An Exact SIR Series Solution and an Exploration of the Related Parameter Space

TL;DR

The paper tackles the challenge of solving the SIR epidemic model analytically by constructing a convergent power-series solution via a gauge-based resummation. Beginning from a divergent direct time-series, it introduces a dominant-balance–informed shifted exponential gauge and a shifted gauge variable to produce a robust series for $V = \ln(\xi)$, with $\xi$ tied to the transformed susceptive population; the authors derive recursion relations and analyze the radius of convergence as a function of initial conditions. A key contribution is the identification of a Hershey-Kiss region in the $(\tilde S_0, \tilde I_0)$ plane within which the series converges over the full physical domain, along with a detailed mapping of singularities between the time domain and the gauge domain. The work demonstrates practical semi-analytical performance against RK4 across disease scenarios (Bubonic Plague, Ebola, Covid) and outlines future resummation strategies to enlarge the convergent region while also deepening the understanding of convergence boundaries. Collectively, this provides a framework for efficient, accurate semi-analytical solutions to nonlinear epidemic models and advances the theory of series resummation in dynamical systems.

Abstract

A convergent power series solution is obtained for the SIR model, using an asymptotically motivated gauge function. For certain choices of model parameter values, the series converges over the full physical domain (i.e., for all positive time). Furthermore, the radius of convergence as a function of nondimensionalized initial susceptible and infected populations is obtained via a numerical root test.

Figures (21)

• Figure 1: This intent of this flowchart is to briefly illustrate how the various equations of dynamical variables and their parameters connect to one another.
• Figure 2: For the direct time series contour plot of $\log_{10}(\rho)$ of the power series for $V$ given by (8), $N\boldsymbol{=} 300$ was used. In other words, $\rho\approx A_{300}^{-1/300}$ was used.
• Figure 3: This is a direct nondimensionalized time series comparison for the 1966 bubonic plague which took place in Eyam, England with the parameters $S_{0}\boldsymbol{=} 254$, $I_{0}\boldsymbol{=} 7$, $r\boldsymbol{=} 0.0178$, and $\alpha\boldsymbol{=} 2.73$BarlowWeinsteinKhan.
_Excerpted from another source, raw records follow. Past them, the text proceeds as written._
(* Consider the robust Bayesian persuasion setting described in the context with monotonic Receiver utilities. For every number of states $n$ and every prior $\mu=(\mu_1,\dots,\mu_n)$ with full support, $$\mathrm{Reg}_{\mathrm{MON}}=\begin{cases}\frac{1}{e} & \text{if } \mu_n\le \frac1e,\\ -\mu_n\ln\mu_n & \text{if } \mu_n>\frac1e.\end{cases}$$
   Context: Setting: a finite state space $\Omega=[n]=\{1,\dots,n\}$ and a publicly known prior $\mu\in\Delta(\Omega)$ with $\mu_i>0$ for all $i$. A signaling scheme is a stochastic map $\pi$ from $\Omega$ to a (finite or infinite) signal set $S$; Sender commits to $\pi$, the state $\omega\sim\mu$ is drawn, a signal $s\sim\pi(\omega)$ is sent, and Receiver forms the Bayesian posterior $p(s)\in\Delta(\Omega)$. Receiver has actions $\{0,1\}$ (reject/adopt) and utility $u_r:\Omega\times\{0,1\}\to\mathbb{R}$ with $u_r(i,0)=0$ for all $i$; Receiver adopts at posterior $p$ iff $\mathbb{E}_{\omega'\sim p}[u_r(\omega',1)]\ge 0$ (ties broken in favor of adoption). Sender's utility from $\pi$ is $u(\pi,u_r)=\Pr_{s}[\text{Receiver adopts at } p(s)]$. Let $u^*(u_r)=\sup_\pi u(\pi,u_r)$. For a class $\mathcal{U}$ of Receiver utilities, $\mathrm{Reg}(\pi)=\sup_{u_r\in\mathcal{U}}\{u^*(u_r)-u(\pi,u_r)\}$ and $\mathrm{Reg}=\inf_\pi \mathrm{Reg}(\pi)$. $\mathrm{Reg}_{\mathrm{MON}}$ denotes this regret when $\mathcal{U}$ is the class of Receiver utilities for which $i\mapsto u_r(i,1)$ is non-decreasing in the state $i\in[n]$. *)

theory Defs
  imports "HOL-Probability.Probability"
begin

text \<open>States are 1..n, prior mu :: nat => real (only mu 1..mu n matter).
  A signaling scheme is a stochastic map from states to a signal space: a family of
  probability measures pi i (i = 1..n) on a common measurable signal space (signals
  are represented as reals with an arbitrary sigma-algebra).\<close>

definition scheme :: "nat \<Rightarrow> (nat \<Rightarrow> real measure) \<Rightarrow> bool" where
  "scheme n \<pi> \<longleftrightarrow> (\<forall>i\<in>{1..n}. prob_space (\<pi> i)) \<and>
                    (\<forall>i\<in>{1..n}. sets (\<pi> i) = sets (\<pi> 1))"

definition signal_dist :: "nat \<Rightarrow> (nat \<Rightarrow> real) \<Rightarrow> (nat \<Rightarrow> real measure) \<Rightarrow> real measure" where
  "signal_dist n \<mu> \<pi> = measure_of (space (\<pi> 1)) (sets (\<pi> 1))
      (\<lambda>A. \<Sum>i=1..n. ennreal (\<mu> i) * emeasure (\<pi> i) A)"

definition posterior :: "nat \<Rightarrow> (nat \<Rightarrow> real) \<Rightarrow> (nat \<Rightarrow> real measure) \<Rightarrow> nat \<Rightarrow> real \<Rightarrow> real" where
  "posterior n \<mu> \<pi> i s = \<mu> i * enn2real (RN_deriv (signal_dist n \<mu> \<pi>) (\<pi> i) s)"

text \<open>Receiver utility: u i = u_r(i,1) (adopt); u_r(i,0) = 0. Receiver adopts iff the
  posterior expected utility of adopting is >= 0. Sender utility = probability of adoption.\<close>
definition sender_util :: "nat \<Rightarrow> (nat \<Rightarrow> real) \<Rightarrow> (nat \<Rightarrow> real measure) \<Rightarrow> (nat \<Rightarrow> real) \<Rightarrow> real" where
  "sender_util n \<mu> \<pi> u = measure (signal_dist n \<mu> \<pi>)
      {s \<in> space (signal_dist n \<mu> \<pi>). (\<Sum>i=1..n. posterior n \<mu> \<pi> i s * u i) \<ge> 0}"

definition opt_util :: "nat \<Rightarrow> (nat \<Rightarrow> real) \<Rightarrow> (nat \<Rightarrow> real) \<Rightarrow> real" where
  "opt_util n \<mu> u = (SUP \<pi>\<in>{\<pi>. scheme n \<pi>}. sender_util n \<mu> \<pi> u)"

definition mon_util :: "nat \<Rightarrow> (nat \<Rightarrow> real) \<Rightarrow> bool" where
  "mon_util n u \<longleftrightarrow> (\<forall>i j. 1 \<le> i \<longrightarrow> i \<le> j \<longrightarrow> j \<le> n \<longrightarrow> u i \<le> u j)"

definition regret_MON :: "nat \<Rightarrow> (nat \<Rightarrow> real) \<Rightarrow> (nat \<Rightarrow> real measure) \<Rightarrow> real" where
  "regret_MON n \<mu> \<pi> = (SUP u\<in>{u. mon_util n u}. opt_util n \<mu> u - sender_util n \<mu> \<pi> u)"

definition Reg_MON :: "nat \<Rightarrow> (nat \<Rightarrow> real) \<Rightarrow> real" where
  "Reg_MON n \<mu> = (INF \<pi>\<in>{\<pi>. scheme n \<pi>}. regret_MON n \<mu> \<pi>)"

end

theory Submission
  imports Defs
begin

(* Write \<beta> = max \<mu>\<^sub>n (1/e); the regret is -\<beta> ln \<beta>.
  For a monotone Receiver, the posterior mass vector adopted under any scheme is dominated by
  the top allocation of the same total mass, drawn greedily from the highest states.  Hence a
  scheme revealing top allocations whose masses form a geometric grid from \<beta> to 1 loses,
  against any other scheme, at most the mass between consecutive grid points, which adds up
  to -\<beta> ln \<beta> plus the mesh.  Conversely, the utility "adopt iff the posterior of state n is
  at least \<theta>" has optimal value \<mu>\<^sub>n / \<theta>, while for thresholds \<theta> on a geometric grid from
  \<mu>\<^sub>n to \<mu>\<^sub>n / \<beta> the suitably weighted adoption probabilities of any scheme sum to at
  most \<mu>\<^sub>n; letting the mesh go to 0 forces regret at least -\<beta> ln \<beta>. *)

lemma le_of_le_plus_div_Suc:
  fixes a b c :: real
  assumes "\<And>m. a \<le> b + c / real (Suc m)"
  shows "a \<le> b"
proof (rule LIMSEQ_le_const)
  show "(\<lambda>m. b + c / real (Suc m)) \<longlonglongrightarrow> b"
    using tendsto_add[OF tendsto_const LIMSEQ_Suc[OF lim_const_over_n[of c]]] by simp
qed (use assms in blast)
This can be rewritten in the nondimensionalized quantities $(\tilde{S_{0}}, \tilde{I_{0}}) \boldsymbol{=} (1.656117, 0.045641)$.
• Figure 4: The above plots are the series predictions of V for the 1966 Bubonic Plague with $(\tilde{S_{0}}, \tilde{I_{0}}) \boldsymbol{=} (1.656117, 0.045641)$, $N\boldsymbol{=} 10$, $N\boldsymbol{=} 15$, and $N\boldsymbol{=} 35$.
• Figure 5: In the $\log_{10}(\rho)$ contour plot, $N\boldsymbol{=} 1000$ is used, and the fully convergent region (with $\rho\geq 1$) called the Hershey-Kiss region is the area shown in yellow. The blue asterisk is the Bubonic Plague at $(1.656117, 0.045641)$ with $\rho_{bubonic}\approx 1.048927$. With $r\boldsymbol{=} 0.2$, $\alpha\boldsymbol{=} 0.1$, $S_{0}\boldsymbol{=} 0.95$, and $I_{0}\boldsymbol{=} 0.05$Rachah, the red asterisk is Ebola at $(1.9, 0.1)$ with $\rho_{ebola}\approx 1.04929$. With $r\boldsymbol{=} 2.9236\times 10^{-5}$, $\alpha\boldsymbol{=} 0.0164$, $S_{0}\boldsymbol{=} 4206$, and $I_{0}\boldsymbol{=} 2$BarlowWeinsteincovid, Covid-19 in Japan is represented by the green asterisk located at $(7.497964, 0.003565)$ with $\rho_{covid}\approx 0.735302$. Note that since the basic reproductive number $r/alpha$ factors out of the analysis, it is not playing any role in the formation of the Herskey-Kiss region.